= Greg Spottiswood =

Canadian actor and television producer

Greg Spottiswood is a Canadian actor and television producer. He is most noted for his leading performance in the 1989 television film Looking for Miracles, for which he won the Daytime Emmy Award for Outstanding Performer in a Children's Special, and received a Gemini Award nomination for Best Performance by an Actor in a Leading Role in a Dramatic Program or Mini-Series at the 5th Gemini Awards, in 1990.

==Acting career==
Originally from Mississauga, Ontario, he studied acting at the National Theatre School of Canada.

He began his career as a stage actor, with his early roles including productions of Raymond Storey's Girls in the Gang, Laurie Fyffe's Bush Fire, Peter Anderson's Rattle in the Dash, George F. Walker's Nothing Sacred, and Brad Fraser's Unidentified Human Remains and the True Nature of Love.

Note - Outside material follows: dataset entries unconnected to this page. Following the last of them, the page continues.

lemma crossed_valid:
  assumes "ks \<in> paths"
  shows "vc e_face (ks @ [PC ks k])" "crossed ks = cm (ks @ [PC ks k]) ` e_face"
  using paths_valid_e[OF assms] valid_comp_snoc_cface[OF sgnset_K]
  by (auto simp: crossed_def lower_def comp_map_snoc_image)

text \<open>ks(e) determines ks(f) by strongness (b), and conversely by strongness (a).\<close>
lemma lower_eq_iff:
  assumes "ks \<in> paths" "ls \<in> paths"
  shows "lower ks = lower ls \<longleftrightarrow> cm ks ` f_face = cm ls ` f_face"
proof
  assume "lower ks = lower ls"
  then have "PC ks l = PC ls l" if "l \<in> J" for l
    using Psi_agree[OF paths_valid_e[OF assms(1)] paths_valid_e[OF assms(2)]] that
    unfolding lower_def by blast
  then have "PC ks ` J = PC ls ` J" by (simp cong: image_cong)
  then show "cm ks ` f_face = cm ls ` f_face"
    using comp_map_cface[OF sgnset_J] assms unfolding paths_def by simp
next
  assume "cm ks ` f_face = cm ls ` f_face"
  then have "\<forall>p\<in>f_face. cm ks p = cm ls p"
    using strong_agree(1)[OF proper_faceI[OF sgnset_J J_nonempty]] assms unfolding paths_def by blast
  then show "lower ks = lower ls" unfolding lower_def using e_sub_f by (intro image_cong) auto
qed

text \<open>The crossing facet \<open>\<Psi>\<^sub>k\<^sub>s k\<close> is determined by ks(e), and crossing is invertible.\<close>
lemma crossed_eq_iff:
  assumes "ks \<in> paths" "ls \<in> paths"
  shows "crossed ks = crossed ls \<longleftrightarrow> lower ks = lower ls"
proof
  assume cr: "crossed ks = crossed ls"
  have "PC (ks @ [PC ks k]) k = PC (ls @ [PC ls k]) k"
    using Psi_agree[OF crossed_valid(1)[OF assms(1)] crossed_valid(1)[OF assms(2)]] cr
    by (simp add: crossed_valid(2)[OF assms(1)] crossed_valid(2)[OF assms(2)])
  then have same: "PC ks k = PC ls k" by (simp add: Psi_comp_snoc) (metis omega_involution)
  have uncross: "lower ms = \<tau> (\<omega> (PC ms k)) ` crossed ms" if "ms \<in> paths" for ms
    using tau_image_cancel[OF lower_in_facet[OF paths_valid_e[OF that]]]
    by (simp add: crossed_def lower_def)
  show "lower ks = lower ls" using uncross[OF assms(1)] uncross[OF assms(2)] cr same by simp
next
  assume "lower ks = lower ls"
  moreover have "PC ks k = PC ls k"
    using Psi_agree[OF paths_valid_e[OF assms(1)] paths_valid_e[OF assms(2)]] calculation
    unfolding lower_def by blast
  ultimately show "crossed ks = crossed ls" by (simp add: crossed_def)
qed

Spottiswood and Zachary Bennett were cast together in Looking for Miracles after producer Kevin Sullivan noticed their camaraderie when he saw them horsing around together in the waiting room at the auditions. Although he was already 25 years old, he noted that his youthful appearance, which enabled him to credibly play a teenager, opened up acting opportunities for him where he wouldn't have to compete against more established actors in his age range like Michael Riley, Ted Dykstra or Maurice Godin.

Following Looking for Miracles he made guest appearances in film and television, but continued to be more prominent as a stage actor, including in Storey's The Saints and Apostles, Walker's Escape from Happiness and Theatre of the Film Noir, Dorothy L. Sayers's Busman's Honeymoon, and Wendy Lill's All Fall Down.

He also began directing stage plays in this era, beginning with a 1991 production of Sean Dixon's End of the World Romance.

==Writing and production==
In the late 1990s, he began working more in film and television writing and production, making his directorial and screenwriting debut with the 2000 short film Learning to Swim. He followed up in 2005 with the short film Noise, which was a Genie Award nominee for Best Live Action Short Drama at the 26th Genie Awards in 2006.

He made a return to the stage, for the first time in six years, in a 2004 production of Kevin Kerr's Unity (1918).

He was a writer for the television series The Zack Files, Shattered, Endgame, King, Remedy and Frontier. In 2009, he won a WGC Screenwriting Award in the Radio category for an episode of the CBC Radio drama series Afghanada.

Beginning in 2019 he was the creator and showrunner of the American drama series All Rise, but was fired from the show in 2021 following unsubstantiated anonymous allegations of misconduct in his leadership of the show's writing room, involving racially and sexually offensive comments. A review and internal investigation resulted in no charges.